* _Work required_: Do any lines in the data below contain "subseteq"? If so, copy every one of them.
----------
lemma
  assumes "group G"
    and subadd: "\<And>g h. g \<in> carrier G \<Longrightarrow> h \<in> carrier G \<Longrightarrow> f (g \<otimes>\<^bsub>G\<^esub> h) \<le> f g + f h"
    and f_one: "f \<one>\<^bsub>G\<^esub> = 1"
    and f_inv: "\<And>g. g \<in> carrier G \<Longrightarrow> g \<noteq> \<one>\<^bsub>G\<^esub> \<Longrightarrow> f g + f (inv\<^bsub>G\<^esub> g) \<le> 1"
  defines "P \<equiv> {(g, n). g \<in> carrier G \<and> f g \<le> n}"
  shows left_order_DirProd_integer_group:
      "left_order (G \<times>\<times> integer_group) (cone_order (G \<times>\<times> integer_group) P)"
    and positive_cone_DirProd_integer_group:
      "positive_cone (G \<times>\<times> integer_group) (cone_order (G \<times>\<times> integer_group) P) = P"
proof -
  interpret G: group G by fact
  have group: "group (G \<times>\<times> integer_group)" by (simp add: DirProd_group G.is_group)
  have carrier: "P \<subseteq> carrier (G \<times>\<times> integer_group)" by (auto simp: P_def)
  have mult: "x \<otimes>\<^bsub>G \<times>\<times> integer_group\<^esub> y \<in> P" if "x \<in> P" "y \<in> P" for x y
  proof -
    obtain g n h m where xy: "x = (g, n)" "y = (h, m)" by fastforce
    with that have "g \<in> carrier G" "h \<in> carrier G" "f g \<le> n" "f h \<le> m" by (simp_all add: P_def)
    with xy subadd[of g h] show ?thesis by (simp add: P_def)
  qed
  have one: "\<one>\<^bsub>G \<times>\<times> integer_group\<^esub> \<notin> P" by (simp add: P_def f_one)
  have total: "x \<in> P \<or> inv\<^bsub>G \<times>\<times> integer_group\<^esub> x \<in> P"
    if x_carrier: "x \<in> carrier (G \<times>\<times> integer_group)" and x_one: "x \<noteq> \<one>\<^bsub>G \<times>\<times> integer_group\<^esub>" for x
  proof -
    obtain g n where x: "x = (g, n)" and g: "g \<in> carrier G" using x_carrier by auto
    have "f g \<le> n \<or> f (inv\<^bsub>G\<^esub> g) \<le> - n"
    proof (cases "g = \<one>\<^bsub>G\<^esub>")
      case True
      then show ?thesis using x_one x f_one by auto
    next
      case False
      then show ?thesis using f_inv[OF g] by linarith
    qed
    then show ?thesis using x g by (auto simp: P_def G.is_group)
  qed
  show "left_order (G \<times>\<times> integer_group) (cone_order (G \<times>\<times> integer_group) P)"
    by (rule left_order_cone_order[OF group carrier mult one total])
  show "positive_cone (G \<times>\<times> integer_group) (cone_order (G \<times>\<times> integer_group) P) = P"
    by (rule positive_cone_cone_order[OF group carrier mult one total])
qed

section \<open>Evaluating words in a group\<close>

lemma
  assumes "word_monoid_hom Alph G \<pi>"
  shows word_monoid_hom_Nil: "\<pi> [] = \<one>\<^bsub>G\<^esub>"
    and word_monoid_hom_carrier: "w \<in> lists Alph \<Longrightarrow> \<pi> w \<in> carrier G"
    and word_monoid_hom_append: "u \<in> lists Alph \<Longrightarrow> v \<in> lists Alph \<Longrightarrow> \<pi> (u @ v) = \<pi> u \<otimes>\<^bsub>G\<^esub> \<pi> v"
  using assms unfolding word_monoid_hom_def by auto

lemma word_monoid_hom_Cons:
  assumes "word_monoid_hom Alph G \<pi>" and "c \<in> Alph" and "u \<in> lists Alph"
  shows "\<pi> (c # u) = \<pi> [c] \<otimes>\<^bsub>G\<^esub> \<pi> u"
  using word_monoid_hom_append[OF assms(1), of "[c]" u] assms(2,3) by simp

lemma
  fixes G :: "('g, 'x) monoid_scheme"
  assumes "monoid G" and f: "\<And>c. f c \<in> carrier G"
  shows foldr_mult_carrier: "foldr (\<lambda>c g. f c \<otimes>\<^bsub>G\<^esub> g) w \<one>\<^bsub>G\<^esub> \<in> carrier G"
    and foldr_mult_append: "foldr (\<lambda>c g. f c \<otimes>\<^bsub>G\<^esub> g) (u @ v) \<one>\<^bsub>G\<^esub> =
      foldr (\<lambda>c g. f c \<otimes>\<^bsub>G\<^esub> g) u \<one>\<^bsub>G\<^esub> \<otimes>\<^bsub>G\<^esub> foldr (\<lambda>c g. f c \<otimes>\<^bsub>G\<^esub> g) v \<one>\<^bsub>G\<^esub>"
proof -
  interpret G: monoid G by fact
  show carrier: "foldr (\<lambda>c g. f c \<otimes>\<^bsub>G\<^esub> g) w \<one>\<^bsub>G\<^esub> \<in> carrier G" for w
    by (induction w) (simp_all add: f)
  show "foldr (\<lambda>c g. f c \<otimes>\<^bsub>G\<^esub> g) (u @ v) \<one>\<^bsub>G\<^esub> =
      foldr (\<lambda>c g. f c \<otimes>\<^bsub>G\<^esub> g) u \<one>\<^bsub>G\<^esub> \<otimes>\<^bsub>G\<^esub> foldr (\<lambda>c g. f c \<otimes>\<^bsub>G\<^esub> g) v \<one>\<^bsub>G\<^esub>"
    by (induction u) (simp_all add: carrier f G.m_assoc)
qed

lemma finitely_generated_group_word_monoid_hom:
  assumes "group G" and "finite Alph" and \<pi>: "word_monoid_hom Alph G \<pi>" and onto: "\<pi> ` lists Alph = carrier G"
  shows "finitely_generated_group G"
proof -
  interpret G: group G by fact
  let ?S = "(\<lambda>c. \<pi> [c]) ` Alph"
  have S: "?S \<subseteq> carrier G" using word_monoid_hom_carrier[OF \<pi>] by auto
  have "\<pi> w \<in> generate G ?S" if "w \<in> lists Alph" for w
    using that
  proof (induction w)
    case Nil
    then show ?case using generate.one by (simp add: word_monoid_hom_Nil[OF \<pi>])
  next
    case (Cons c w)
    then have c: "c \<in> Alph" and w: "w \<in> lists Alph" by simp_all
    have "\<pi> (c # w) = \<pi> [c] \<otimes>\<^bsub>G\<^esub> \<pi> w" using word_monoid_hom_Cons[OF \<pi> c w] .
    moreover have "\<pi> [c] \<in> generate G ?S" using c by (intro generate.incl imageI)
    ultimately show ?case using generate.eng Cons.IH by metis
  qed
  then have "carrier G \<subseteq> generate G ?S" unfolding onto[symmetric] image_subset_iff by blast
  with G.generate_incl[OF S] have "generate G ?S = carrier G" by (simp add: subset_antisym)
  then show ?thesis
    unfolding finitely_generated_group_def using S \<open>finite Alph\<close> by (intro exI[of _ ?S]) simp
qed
----------
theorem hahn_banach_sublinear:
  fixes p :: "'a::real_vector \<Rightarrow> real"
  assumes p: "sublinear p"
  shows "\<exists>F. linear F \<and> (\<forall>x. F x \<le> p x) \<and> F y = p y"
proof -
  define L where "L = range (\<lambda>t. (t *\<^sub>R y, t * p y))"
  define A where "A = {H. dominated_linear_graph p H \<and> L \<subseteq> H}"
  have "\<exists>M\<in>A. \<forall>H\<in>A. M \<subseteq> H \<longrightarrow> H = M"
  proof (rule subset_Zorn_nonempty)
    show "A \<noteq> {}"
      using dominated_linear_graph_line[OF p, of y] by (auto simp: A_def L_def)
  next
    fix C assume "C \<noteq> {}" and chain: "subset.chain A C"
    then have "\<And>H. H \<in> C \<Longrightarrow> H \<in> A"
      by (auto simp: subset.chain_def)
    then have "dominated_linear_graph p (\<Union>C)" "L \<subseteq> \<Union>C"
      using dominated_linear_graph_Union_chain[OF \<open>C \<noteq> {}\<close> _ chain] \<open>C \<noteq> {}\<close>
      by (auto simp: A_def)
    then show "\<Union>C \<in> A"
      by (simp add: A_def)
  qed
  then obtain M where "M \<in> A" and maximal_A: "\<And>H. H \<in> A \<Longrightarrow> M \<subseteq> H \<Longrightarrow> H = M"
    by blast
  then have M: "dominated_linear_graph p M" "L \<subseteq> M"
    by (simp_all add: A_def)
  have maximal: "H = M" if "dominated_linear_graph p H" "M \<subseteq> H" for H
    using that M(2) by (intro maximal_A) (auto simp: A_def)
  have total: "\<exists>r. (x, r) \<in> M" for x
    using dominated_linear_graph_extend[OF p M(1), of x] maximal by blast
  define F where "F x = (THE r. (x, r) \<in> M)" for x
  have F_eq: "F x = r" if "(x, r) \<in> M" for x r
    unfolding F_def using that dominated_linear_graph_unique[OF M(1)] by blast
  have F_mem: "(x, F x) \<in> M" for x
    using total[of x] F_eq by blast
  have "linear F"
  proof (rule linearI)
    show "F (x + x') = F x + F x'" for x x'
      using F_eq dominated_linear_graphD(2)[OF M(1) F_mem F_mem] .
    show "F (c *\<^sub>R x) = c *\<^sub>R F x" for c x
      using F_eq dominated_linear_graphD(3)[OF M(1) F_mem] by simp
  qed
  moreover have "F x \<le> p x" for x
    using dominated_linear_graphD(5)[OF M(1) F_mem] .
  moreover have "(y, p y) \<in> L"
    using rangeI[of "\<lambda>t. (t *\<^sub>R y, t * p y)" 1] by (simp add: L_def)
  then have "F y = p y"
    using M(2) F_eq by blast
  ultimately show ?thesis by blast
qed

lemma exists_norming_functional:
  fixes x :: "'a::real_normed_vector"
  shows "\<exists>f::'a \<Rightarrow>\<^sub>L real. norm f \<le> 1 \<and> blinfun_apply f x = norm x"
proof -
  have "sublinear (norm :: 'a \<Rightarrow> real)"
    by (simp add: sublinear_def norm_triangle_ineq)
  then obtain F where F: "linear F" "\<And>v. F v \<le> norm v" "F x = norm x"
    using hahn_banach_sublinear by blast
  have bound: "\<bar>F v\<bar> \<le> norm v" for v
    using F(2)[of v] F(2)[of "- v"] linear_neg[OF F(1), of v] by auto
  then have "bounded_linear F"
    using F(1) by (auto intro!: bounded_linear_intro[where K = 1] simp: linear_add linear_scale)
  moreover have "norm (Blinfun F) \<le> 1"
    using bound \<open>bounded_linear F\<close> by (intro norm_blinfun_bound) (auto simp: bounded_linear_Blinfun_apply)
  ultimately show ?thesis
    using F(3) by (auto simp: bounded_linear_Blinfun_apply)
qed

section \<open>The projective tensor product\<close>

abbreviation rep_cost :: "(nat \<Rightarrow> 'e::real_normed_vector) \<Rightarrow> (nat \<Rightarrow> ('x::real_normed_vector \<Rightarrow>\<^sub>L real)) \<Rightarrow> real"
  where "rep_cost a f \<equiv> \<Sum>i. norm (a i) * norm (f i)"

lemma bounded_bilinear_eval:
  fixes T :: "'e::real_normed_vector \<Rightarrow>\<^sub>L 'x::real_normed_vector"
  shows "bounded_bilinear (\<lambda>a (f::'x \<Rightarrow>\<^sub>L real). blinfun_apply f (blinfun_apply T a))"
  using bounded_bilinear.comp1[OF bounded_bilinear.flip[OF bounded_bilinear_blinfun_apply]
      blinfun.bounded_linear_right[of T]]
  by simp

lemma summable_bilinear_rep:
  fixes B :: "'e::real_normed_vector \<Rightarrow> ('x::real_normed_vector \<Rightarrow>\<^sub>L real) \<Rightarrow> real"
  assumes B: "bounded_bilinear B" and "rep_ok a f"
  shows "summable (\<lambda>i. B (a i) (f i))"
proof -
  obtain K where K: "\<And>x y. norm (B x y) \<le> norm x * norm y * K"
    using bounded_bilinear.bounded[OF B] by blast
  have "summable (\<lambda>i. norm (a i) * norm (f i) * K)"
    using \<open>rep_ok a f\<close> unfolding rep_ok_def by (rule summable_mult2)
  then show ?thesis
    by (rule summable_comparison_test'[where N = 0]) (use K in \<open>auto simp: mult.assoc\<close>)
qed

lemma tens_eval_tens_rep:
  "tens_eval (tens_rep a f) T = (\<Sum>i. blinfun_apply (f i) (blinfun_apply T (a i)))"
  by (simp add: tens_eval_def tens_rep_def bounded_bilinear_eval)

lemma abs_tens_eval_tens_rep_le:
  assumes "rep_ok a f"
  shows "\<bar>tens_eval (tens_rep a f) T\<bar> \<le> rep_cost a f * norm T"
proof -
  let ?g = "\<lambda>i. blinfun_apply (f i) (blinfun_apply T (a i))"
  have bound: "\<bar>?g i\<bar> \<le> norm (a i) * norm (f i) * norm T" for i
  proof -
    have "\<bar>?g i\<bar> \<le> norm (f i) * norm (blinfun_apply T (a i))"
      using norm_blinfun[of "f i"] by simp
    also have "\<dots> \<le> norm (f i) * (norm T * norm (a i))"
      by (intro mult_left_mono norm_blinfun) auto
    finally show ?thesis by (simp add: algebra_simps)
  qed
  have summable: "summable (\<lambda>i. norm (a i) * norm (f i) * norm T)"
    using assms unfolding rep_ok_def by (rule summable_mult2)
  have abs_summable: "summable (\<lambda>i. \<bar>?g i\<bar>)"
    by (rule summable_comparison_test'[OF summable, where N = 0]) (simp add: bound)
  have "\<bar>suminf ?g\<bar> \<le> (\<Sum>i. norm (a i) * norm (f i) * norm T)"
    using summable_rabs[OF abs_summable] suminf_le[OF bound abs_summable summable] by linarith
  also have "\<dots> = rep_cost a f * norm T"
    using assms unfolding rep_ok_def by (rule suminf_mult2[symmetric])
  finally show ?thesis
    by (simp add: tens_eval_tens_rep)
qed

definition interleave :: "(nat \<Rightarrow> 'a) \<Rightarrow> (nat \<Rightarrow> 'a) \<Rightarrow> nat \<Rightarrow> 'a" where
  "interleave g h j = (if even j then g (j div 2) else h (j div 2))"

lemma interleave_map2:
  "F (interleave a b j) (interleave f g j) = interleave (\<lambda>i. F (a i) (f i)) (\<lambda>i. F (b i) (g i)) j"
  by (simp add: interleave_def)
----------
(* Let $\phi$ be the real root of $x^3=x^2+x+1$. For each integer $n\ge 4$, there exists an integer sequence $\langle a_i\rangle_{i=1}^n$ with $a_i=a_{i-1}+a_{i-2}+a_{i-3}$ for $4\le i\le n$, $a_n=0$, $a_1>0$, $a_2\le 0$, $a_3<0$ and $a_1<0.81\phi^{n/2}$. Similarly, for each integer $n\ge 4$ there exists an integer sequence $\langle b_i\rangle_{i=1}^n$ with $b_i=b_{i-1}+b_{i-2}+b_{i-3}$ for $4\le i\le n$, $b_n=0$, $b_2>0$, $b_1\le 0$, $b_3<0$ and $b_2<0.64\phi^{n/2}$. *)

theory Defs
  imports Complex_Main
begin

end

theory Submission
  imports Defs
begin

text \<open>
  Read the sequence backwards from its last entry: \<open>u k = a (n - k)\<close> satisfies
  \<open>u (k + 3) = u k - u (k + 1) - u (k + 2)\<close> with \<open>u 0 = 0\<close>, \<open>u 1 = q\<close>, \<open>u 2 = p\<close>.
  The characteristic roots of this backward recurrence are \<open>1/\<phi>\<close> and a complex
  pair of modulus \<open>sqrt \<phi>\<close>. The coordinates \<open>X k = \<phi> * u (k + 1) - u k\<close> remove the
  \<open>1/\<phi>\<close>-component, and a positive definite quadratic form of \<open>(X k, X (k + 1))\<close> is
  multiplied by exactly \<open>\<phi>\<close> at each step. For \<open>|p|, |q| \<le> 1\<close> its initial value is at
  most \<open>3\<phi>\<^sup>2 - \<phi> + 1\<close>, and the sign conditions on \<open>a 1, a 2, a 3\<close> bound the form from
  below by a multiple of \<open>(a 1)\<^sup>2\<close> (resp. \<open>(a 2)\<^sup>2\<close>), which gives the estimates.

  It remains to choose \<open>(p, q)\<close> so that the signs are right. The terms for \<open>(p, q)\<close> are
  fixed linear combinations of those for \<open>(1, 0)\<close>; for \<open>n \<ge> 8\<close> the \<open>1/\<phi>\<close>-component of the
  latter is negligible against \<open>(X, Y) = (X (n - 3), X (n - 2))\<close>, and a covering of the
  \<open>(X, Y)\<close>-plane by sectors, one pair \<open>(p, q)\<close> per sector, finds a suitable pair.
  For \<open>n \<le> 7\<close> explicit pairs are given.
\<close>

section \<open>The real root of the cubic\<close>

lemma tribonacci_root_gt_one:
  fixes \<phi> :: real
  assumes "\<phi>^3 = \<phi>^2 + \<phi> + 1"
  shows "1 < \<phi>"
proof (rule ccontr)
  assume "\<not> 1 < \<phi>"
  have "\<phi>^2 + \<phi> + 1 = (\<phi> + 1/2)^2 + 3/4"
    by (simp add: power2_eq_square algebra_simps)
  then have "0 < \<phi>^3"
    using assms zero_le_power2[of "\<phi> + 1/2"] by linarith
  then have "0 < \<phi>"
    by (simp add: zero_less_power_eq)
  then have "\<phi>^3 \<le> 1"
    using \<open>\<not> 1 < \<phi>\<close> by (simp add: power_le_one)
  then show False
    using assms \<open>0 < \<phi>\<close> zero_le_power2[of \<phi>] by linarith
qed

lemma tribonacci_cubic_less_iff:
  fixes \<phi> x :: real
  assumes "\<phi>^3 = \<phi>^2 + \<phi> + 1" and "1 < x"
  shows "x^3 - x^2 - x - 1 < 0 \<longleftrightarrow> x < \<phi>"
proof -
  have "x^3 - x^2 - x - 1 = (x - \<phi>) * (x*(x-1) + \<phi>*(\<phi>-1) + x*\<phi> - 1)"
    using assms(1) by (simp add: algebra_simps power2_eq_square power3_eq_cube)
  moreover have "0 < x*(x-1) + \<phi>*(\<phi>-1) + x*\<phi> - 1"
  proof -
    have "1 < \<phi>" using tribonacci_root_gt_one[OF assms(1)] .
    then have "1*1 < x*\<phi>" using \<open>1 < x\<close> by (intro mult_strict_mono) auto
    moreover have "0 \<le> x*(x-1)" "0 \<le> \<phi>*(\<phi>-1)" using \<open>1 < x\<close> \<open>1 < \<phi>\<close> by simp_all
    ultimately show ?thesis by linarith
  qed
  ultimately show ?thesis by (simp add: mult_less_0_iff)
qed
----------
* _Exercise result_:
  have carrier: "P \<subseteq> carrier (G \<times>\<times> integer_group)" by (auto simp: P_def)
  have S: "?S \<subseteq> carrier G" using word_monoid_hom_carrier[OF \<pi>] by auto
  then have "carrier G \<subseteq> generate G ?S" unfolding onto[symmetric] image_subset_iff by blast
  define A where "A = {H. dominated_linear_graph p H \<and> L \<subseteq> H}"
  have "\<exists>M\<in>A. \<forall>H\<in>A. M \<subseteq> H \<longrightarrow> H = M"
    then have "dominated_linear_graph p (\<Union>C)" "L \<subseteq> \<Union>C"
  then obtain M where "M \<in> A" and maximal_A: "\<And>H. H \<in> A \<Longrightarrow> M \<subseteq> H \<Longrightarrow> H = M"
  then have M: "dominated_linear_graph p M" "L \<subseteq> M"
  have maximal: "H = M" if "dominated_linear_graph p H" "M \<subseteq> H" for H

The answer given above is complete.